The right to assess a tax is generally subject to a limitation period of five years pursuant to section 207 (1) and (2) of der Federal Fiscal Code (Bundesabgabenordnung - “BAO”). As a rule, the limitation period for the assertion of a tax claim begins at the end of the year (31 December) in which the tax accrued (section 208 BAO).
However, if the tax authority undertakes “outwardly recognisable official acts” within the limitation period to assert the tax claim or to determine the person liable to tax, the limitation period shall be extended by one year. The limitation period shall be extended by a further year in each case if such official acts are undertaken in the last year of the extended limitation period. This may extend the limitation period up to the absolute limitation of ten years (section 209(3) BAO).
Therefore, the interpretation of the term "outwardly recognisable official acts to assert the tax claim" is decisive for the limitation period.
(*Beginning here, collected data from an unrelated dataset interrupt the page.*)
lemma card_row_coord_image: "young \<mu> \<Longrightarrow> A \<subseteq> {1..} \<Longrightarrow> card (row_coord \<mu> ` A) = card A"
  by (metis card_image inj_on_row_coord inj_on_subset)

lemma card_col_coord_image: "young \<mu> \<Longrightarrow> B \<subseteq> {1..} \<Longrightarrow> card (col_coord \<mu> ` B) = card B"
  by (metis card_image inj_on_col_coord inj_on_subset)

lemma row_coord_ne_col_coord:
  assumes "young \<mu>" "1 \<le> i" "1 \<le> j"
  shows "row_coord \<mu> i \<noteq> col_coord \<mu> j"
  using le_conjp_iff[OF assms(1,3,2)] unfolding row_coord_def col_coord_def by linarith

lemma row_coord_image_disjoint_col_coord_image:
  "young \<mu> \<Longrightarrow> A \<subseteq> {1..} \<Longrightarrow> B \<subseteq> {1..} \<Longrightarrow> row_coord \<mu> ` A \<inter> col_coord \<mu> ` B = {}"
  using row_coord_ne_col_coord by fastforce

lemma row_coord_lower_bound:
  assumes "young \<mu>" "1 \<le> i" "i \<le> length \<mu>"
  shows "2 - int (length \<mu>) \<le> row_coord \<mu> i"
  using part_pos[OF assms] assms(3) unfolding row_coord_def by linarith

lemma col_coord_lower_bound: "1 \<le> j \<Longrightarrow> 1 - int (length \<mu>) \<le> col_coord \<mu> j"
  using conjp_le_length[of \<mu> j] unfolding col_coord_def by linarith

lemma eq_Un_if_card_le:
  assumes "finite I" "A \<union> B \<subseteq> I" "A \<inter> B = {}" "card I \<le> card A + card B"
  shows "I = A \<union> B"
proof -
  have "finite A" "finite B" using assms(1,2) finite_subset by blast+
  then have "card (A \<union> B) = card A + card B" using assms(3) by (rule card_Un_disjoint)
  then show ?thesis using card_subset_eq[OF assms(1,2)] card_mono[OF assms(1,2)] assms(4) by simp
qed

lemma interval_below_row_coord_partition:
  assumes "young \<mu>" "1 \<le> i" "i \<le> length \<mu>"
  shows "{1 - int (length \<mu>) .. row_coord \<mu> i - 1} =
           row_coord \<mu> ` {i+1..length \<mu>} \<union> col_coord \<mu> ` {1..part \<mu> i}"
proof (rule eq_Un_if_card_le)
  show "row_coord \<mu> ` {i+1..length \<mu>} \<union> col_coord \<mu> ` {1..part \<mu> i}
          \<subseteq> {1 - int (length \<mu>) .. row_coord \<mu> i - 1}"
  proof (intro Un_least image_subsetI)
    fix r assume "r \<in> {i+1..length \<mu>}"
    then show "row_coord \<mu> r \<in> {1 - int (length \<mu>) .. row_coord \<mu> i - 1}"
      using row_coord_lower_bound[OF assms(1), of r] row_coord_strict_antimono[OF assms(1,2), of r] by auto
  next
    fix j assume "j \<in> {1..part \<mu> i}"
    then have "i \<le> conjp \<mu> j" using le_conjp_iff[OF assms(1), of j i] assms(2) by auto
    then show "col_coord \<mu> j \<in> {1 - int (length \<mu>) .. row_coord \<mu> i - 1}"
      using col_coord_lower_bound[of j \<mu>] \<open>j \<in> {1..part \<mu> i}\<close>
      unfolding row_coord_def col_coord_def by auto
  qed
  show "row_coord \<mu> ` {i+1..length \<mu>} \<inter> col_coord \<mu> ` {1..part \<mu> i} = {}"
    by (rule row_coord_image_disjoint_col_coord_image[OF assms(1)]) auto
  show "card {1 - int (length \<mu>) .. row_coord \<mu> i - 1}
          \<le> card (row_coord \<mu> ` {i+1..length \<mu>}) + card (col_coord \<mu> ` {1..part \<mu> i})"
    using card_row_coord_image[OF assms(1), of "{i+1..length \<mu>}"]
      card_col_coord_image[OF assms(1), of "{1..part \<mu> i}"] assms(2,3)
    unfolding row_coord_def by auto
qed simp

lemma interval_frobenius_partition:
  assumes "young \<mu>"
  shows "{1 - int (length \<mu>) .. 0} =
           row_coord \<mu> ` {dnum \<mu>+1..length \<mu>} \<union> col_coord \<mu> ` {1..dnum \<mu>}"
proof (rule eq_Un_if_card_le)
  show "row_coord \<mu> ` {dnum \<mu>+1..length \<mu>} \<union> col_coord \<mu> ` {1..dnum \<mu>} \<subseteq> {1 - int (length \<mu>) .. 0}"
  proof (intro Un_least image_subsetI)
    fix r assume r: "r \<in> {dnum \<mu>+1..length \<mu>}"
    then have "part \<mu> r < r" using le_dnum_iff[OF assms, of r] by auto
    then show "row_coord \<mu> r \<in> {1 - int (length \<mu>) .. 0}"
      using row_coord_lower_bound[OF assms, of r] r unfolding row_coord_def by auto
  next
    fix j assume j: "j \<in> {1..dnum \<mu>}"
    then have "j \<le> conjp \<mu> j" using le_dnum_iff[OF assms, of j] le_conjp_iff[OF assms, of j j] by auto
    then show "col_coord \<mu> j \<in> {1 - int (length \<mu>) .. 0}"
      using col_coord_lower_bound[of j \<mu>] j unfolding col_coord_def by auto
  qed
  show "row_coord \<mu> ` {dnum \<mu>+1..length \<mu>} \<inter> col_coord \<mu> ` {1..dnum \<mu>} = {}"
    by (rule row_coord_image_disjoint_col_coord_image[OF assms]) auto
  show "card {1 - int (length \<mu>) .. 0}
          \<le> card (row_coord \<mu> ` {dnum \<mu>+1..length \<mu>}) + card (col_coord \<mu> ` {1..dnum \<mu>})"
    using card_row_coord_image[OF assms, of "{dnum \<mu>+1..length \<mu>}"]
      card_col_coord_image[OF assms, of "{1..dnum \<mu>}"] dnum_le_length[of \<mu>] by auto
qed simp

section \<open>Products of linear factors in formal power series\<close>

definition fps_factor :: "'a::comm_ring_1 \<Rightarrow> 'a fps" where
  "fps_factor c = 1 - fps_const c * fps_X"

definition fps_deg_le :: "'a::zero fps \<Rightarrow> nat \<Rightarrow> bool" where
  "fps_deg_le F n \<longleftrightarrow> (\<forall>m>n. F $ m = 0)"

definition fps_icoeff :: "'a::zero fps \<Rightarrow> int \<Rightarrow> 'a" where
  "fps_icoeff F n = (if n < 0 then 0 else F $ nat n)"

lemma fps_factor_nth_0 [simp]: "fps_factor c $ 0 = 1"
  unfolding fps_factor_def by simp

lemma prod_fps_factor_nth_0 [simp]: "(\<Prod>i\<in>A. fps_factor (f i)) $ 0 = 1"
proof (cases "finite A")
  case True then show ?thesis by (induction A rule: finite_induct) simp_all
qed simp

lemma fps_factor_mult_nth_Suc: "(fps_factor c * F) $ Suc n = F $ Suc n - c * F $ n"
  unfolding fps_factor_def left_diff_distrib mult.assoc by (simp add: fps_X_mult_nth)

lemma fps_deg_le_mult:
  fixes F G :: "'a::comm_ring_1 fps"
  assumes "fps_deg_le F n" "fps_deg_le G m"
  shows "fps_deg_le (F * G) (n + m)"
  unfolding fps_deg_le_def
proof (intro allI impI)
  fix k assume "n + m < k"
  then have "F $ i * G $ (k - i) = 0" for i
    using assms unfolding fps_deg_le_def by (cases "n < i") simp_all
  then show "(F * G) $ k = 0" by (simp add: fps_mult_nth)
qed

lemma fps_deg_le_prod_fps_factor:
  "finite A \<Longrightarrow> fps_deg_le (\<Prod>i\<in>A. fps_factor (f i)) (card A)"
proof (induction A rule: finite_induct)
  case empty then show ?case by (simp add: fps_deg_le_def)
next
  case (insert x A)
  have "fps_deg_le (fps_factor (f x)) 1" by (simp add: fps_deg_le_def fps_factor_def)
  from fps_deg_le_mult[OF this insert.IH] show ?case using insert.hyps by simp
qed

lemma fps_icoeff_X_power_mult: "fps_icoeff (fps_X ^ s * F) n = fps_icoeff F (n - int s)"
  unfolding fps_icoeff_def by (auto simp: fps_X_power_mult_nth nat_diff_distrib)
The BFG recently dealt with this issue (BFG 18 March 2022, RV/7105826/2017).
In 2010, several persons acquired real estate. At the beginning of 2011, the real estate transfer tax was self-assessed. In mid-December 2015, the competent tax office prepared an extract from the land register and printed out the purchase contracts from the collection of deeds in the land register. On the same day, the tax office sent a general request to the project company, stating a tax account number, asking for notification of the buyers and the status of the (final) settlements. At the end of 2016, the tax office assessed the real estate transfer tax differently from the self-assessment. The taxpayer filed an appeal.
Decision of the BFG
According to the BFG, the right to assess the real estate transfer tax was already time-barred at the end of 2015. Neither the land register query or the printout of the purchase contracts nor the inquiry to the taxpayer were "outwardly recognisable official acts to assert the tax claim".
The Supreme Administrative Court (Verwaltungsgerichtshof – “VwGH”) had already taken the view that the download of commercial register extracts by the tax authority cannot extend the limitation period (cf. VwGH 7 Sept 2006, 2006/16/0041). According to the established case law of the Administrative Court, the effect of an extension requires the assertion of a specific tax claim (cf. Administrative Court 28 March 2014, 2010/16/0176).
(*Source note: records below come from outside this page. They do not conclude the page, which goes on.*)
(* Let $\nu=(\nu_1,\dots,\nu_\ell)$ be an integer partition. Then there exist rational numbers $\xi_\delta$, indexed by integer partitions $\delta$ with $|\delta|\le|\nu|-1$, such that for every strict partition $\lambda$, $$D\Bigl(\frac{q_\nu(\lambda)}{H_\lambda}\Bigr)=\sum_{|\delta|\le|\nu|-1}\xi_\delta\,\frac{q_\delta(\lambda)}{H_\lambda}.$$
   Context: A strict partition is a finite strictly decreasing sequence of positive integers $\lambda=(\lambda_1>\cdots>\lambda_\ell)$ (the empty sequence is allowed); $\ell(\lambda)=\ell$, and $\lambda_i=0$ for $i>\ell(\lambda)$. The (shifted Young) diagram of $\lambda$ is the set of boxes $(i,j)$ with $1\le i\le\ell(\lambda)$, $i+1\le j\le i+\lambda_i$ (row $i$, column $j$); $\lambda$ is identified with its diagram. The hook length $h_\square$ of $\square=(i,j)\in\lambda$ is the number of boxes of $\lambda$ in row $i$ strictly to the right of $\square$, plus the number of boxes $(i',j)\in\lambda$ with $i'>i$, plus $1$, plus $\lambda_j$; $H_\lambda=\prod_{\square\in\lambda}h_\square$ ($H_\emptyset=1$). An outer corner of $\lambda$ is a box of $\lambda$ whose removal leaves the diagram of a strict partition. Let $(\alpha_1,\beta_1),\dots,(\alpha_m,\beta_m)$ be the outer corners with $\alpha_1>\cdots>\alpha_m$, and $y_j=\beta_j-\alpha_j$. Set $\alpha_{m+1}=0$, $\beta_0=\ell(\lambda)+1$, and $x_i=\beta_i-\alpha_{i+1}$ for $0\le i\le m$. For $k\ge0$, $q_k(\lambda)=\sum_{i=0}^m\binom{x_i}{2}^k-\sum_{i=1}^m\binom{y_i}{2}^k$, and for an integer partition $\nu=(\nu_1,\dots,\nu_\ell)$, $q_\nu(\lambda)=\prod_{j=1}^\ell q_{\nu_j}(\lambda)$ ($q_\emptyset=1$). $\lambda^+$ ranges over strict partitions obtained from $\lambda$ by adding one box; the difference operator is $DG(\lambda)=\sum_{\lambda^+:\ell(\lambda^+)>\ell(\lambda)}G(\lambda^+)+2\sum_{\lambda^+:\ell(\lambda^+)=\ell(\lambda)}G(\lambda^+)-G(\lambda)$. *)

theory Defs
  imports Complex_Main
begin

definition strict_partition :: "nat list \<Rightarrow> bool" where
  "strict_partition lam \<longleftrightarrow> sorted_wrt (>) lam \<and> (\<forall>x\<in>set lam. 0 < x)"

definition int_partition :: "nat list \<Rightarrow> bool" where
  "int_partition nu \<longleftrightarrow> sorted_wrt (\<ge>) nu \<and> (\<forall>x\<in>set nu. 0 < x)"

text \<open>1-indexed parts, with lambda_i = 0 for i > length.\<close>
definition part :: "nat list \<Rightarrow> nat \<Rightarrow> nat" where
  "part lam i = (if 1 \<le> i \<and> i \<le> length lam then lam ! (i - 1) else 0)"

definition diagram :: "nat list \<Rightarrow> (nat \<times> nat) set" where
  "diagram lam = {(i, j). 1 \<le> i \<and> i \<le> length lam \<and> i + 1 \<le> j \<and> j \<le> i + part lam i}"

definition hook :: "nat list \<Rightarrow> nat \<times> nat \<Rightarrow> nat" where
  "hook lam b = (case b of (i, j) \<Rightarrow>
      card {j'. (i, j') \<in> diagram lam \<and> j' > j}
    + card {i'. (i', j) \<in> diagram lam \<and> i' > i}
    + 1 + part lam j)"

definition H :: "nat list \<Rightarrow> rat" where
  "H lam = (\<Prod>b\<in>diagram lam. of_nat (hook lam b))"

definition outer_corners :: "nat list \<Rightarrow> (nat \<times> nat) set" where
  "outer_corners lam = {b \<in> diagram lam. \<exists>mu. strict_partition mu \<and> diagram mu = diagram lam - {b}}"

definition corner_rows :: "nat list \<Rightarrow> nat list" where
  "corner_rows lam = rev (sorted_list_of_set (fst ` outer_corners lam))"

definition n_corners :: "nat list \<Rightarrow> nat" where
  "n_corners lam = card (outer_corners lam)"

definition alpha :: "nat list \<Rightarrow> nat \<Rightarrow> int" where
  "alpha lam i = (if 1 \<le> i \<and> i \<le> n_corners lam then int (corner_rows lam ! (i - 1)) else 0)"

definition beta :: "nat list \<Rightarrow> nat \<Rightarrow> int" where
  "beta lam i = (if i = 0 then int (length lam) + 1
     else int (THE j. (corner_rows lam ! (i - 1), j) \<in> outer_corners lam))"

definition xcoord :: "nat list \<Rightarrow> nat \<Rightarrow> int" where
  "xcoord lam i = beta lam i - alpha lam (i + 1)"

definition ycoord :: "nat list \<Rightarrow> nat \<Rightarrow> int" where
  "ycoord lam j = beta lam j - alpha lam j"

definition q :: "nat \<Rightarrow> nat list \<Rightarrow> rat" where
  "q k lam = (\<Sum>i = 0..n_corners lam. ((of_int (xcoord lam i) :: rat) gchoose 2) ^ k)
           - (\<Sum>i = 1..n_corners lam. ((of_int (ycoord lam i) :: rat) gchoose 2) ^ k)"

definition q_part :: "nat list \<Rightarrow> nat list \<Rightarrow> rat" where
  "q_part nu lam = (\<Prod>j<length nu. q (nu ! j) lam)"

definition add_box :: "nat list \<Rightarrow> nat list set" where
  "add_box lam = {mu. strict_partition mu \<and> diagram lam \<subseteq> diagram mu
                      \<and> card (diagram mu - diagram lam) = 1}"

definition Dop :: "(nat list \<Rightarrow> rat) \<Rightarrow> nat list \<Rightarrow> rat" where
  "Dop G lam = (\<Sum>mu\<in>{mu\<in>add_box lam. length mu > length lam}. G mu)
             + 2 * (\<Sum>mu\<in>{mu\<in>add_box lam. length mu = length lam}. G mu)
             - G lam"

end

theory Submission
  imports Defs "HOL-Computational_Algebra.Polynomial_FPS"
begin

text \<open>
  Both \<open>H(\<lambda>)\<close> and \<open>q\<^sub>k(\<lambda>)\<close> depend only on the set \<open>S\<close> of parts of \<open>\<lambda>\<close>: with
  \<open>T(a) = a(a + 1)/2\<close>,
    \<open>H(\<lambda>) = \<Prod>(a \<in> S) a! \<Prod>(b \<in> S, b < a) (a + b)/(a - b)\<close>  and
    \<open>q\<^sub>k(\<lambda>) = \<Sum>(a \<in> S) T(a)\<^sup>k - T(a - 1)\<^sup>k\<close>.
  Adding a box replaces some \<open>a \<in> S \<union> {0}\<close> by \<open>a + 1\<close>, and the weight of \<open>D\<close> times
  \<open>H(\<lambda>)/H(\<lambda>\<^sup>+)\<close> is exactly the coefficient \<open>r\<^sub>a\<close> of \<open>1/(z - T(a))\<close> in the partial fraction
  expansion of \<open>\<Prod>(b \<in> S) (z - T(b - 1)) / \<Prod>(a \<in> S \<union> {0}) (z - T(a))\<close>. Since \<open>\<Sum>\<^sub>a r\<^sub>a = 1\<close>,
  \<open>H(\<lambda>) \<cdot> D(q\<^sub>\<nu>/H)(\<lambda>) = \<Sum>\<^sub>a r\<^sub>a (\<Prod>\<^sub>k (q\<^sub>k + \<Delta>\<^sub>k(a)) - \<Prod>\<^sub>k q\<^sub>k)\<close>, where the second
  difference \<open>\<Delta>\<^sub>k(a)\<close> of \<open>T(a)\<^sup>k\<close> is a polynomial of degree \<open>k - 1\<close> in \<open>T(a)\<close>. Finally the
  moments \<open>\<Sum>\<^sub>a r\<^sub>a T(a)\<^sup>d\<close> satisfy Newton's identities with the power sums \<open>q\<^sub>k\<close>, so they are
  polynomials in the \<open>q\<^sub>k\<close> of weight \<open>d\<close>. Counting weights gives \<open>|\<delta>| \<le> |\<nu>| - 1\<close>.
\<close>

section \<open>Strict partitions and hook lengths\<close>

lemma strict_partition_nth_Suc_less:
  assumes "strict_partition l" "Suc k < length l"
  shows "l ! Suc k < l ! k"
  using assms unfolding Defs.strict_partition_def sorted_wrt_iff_nth_less by auto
In the opinion of the BFG, the request to the project company at the end of 2015 did not constitute an official act extending the limitation period either, because the request had no relation to the assertion of a specific tax claim. In the specific case, it was not even recognisable that the request concerned real estate transfer tax; it could also have concerned VAT or income tax.
It is not sufficient that an act, viewed in retrospect, proves to be "also" suitable for the tax claim ultimately asserted by the authority with the notice (BFG 18 March 2022, RV/7105826/2017 with reference to VwGH 7 September 2006, 2006/16/0041, and VwGH 17 May 2001, 2000/16/0602). It must be clear in advance which tax claim is being asserted so that official acts can be reviewed and legal peace can be achieved with the expiry of the statute of limitations (cf. VwGH 4 Sept 2008, 2007/17/0222).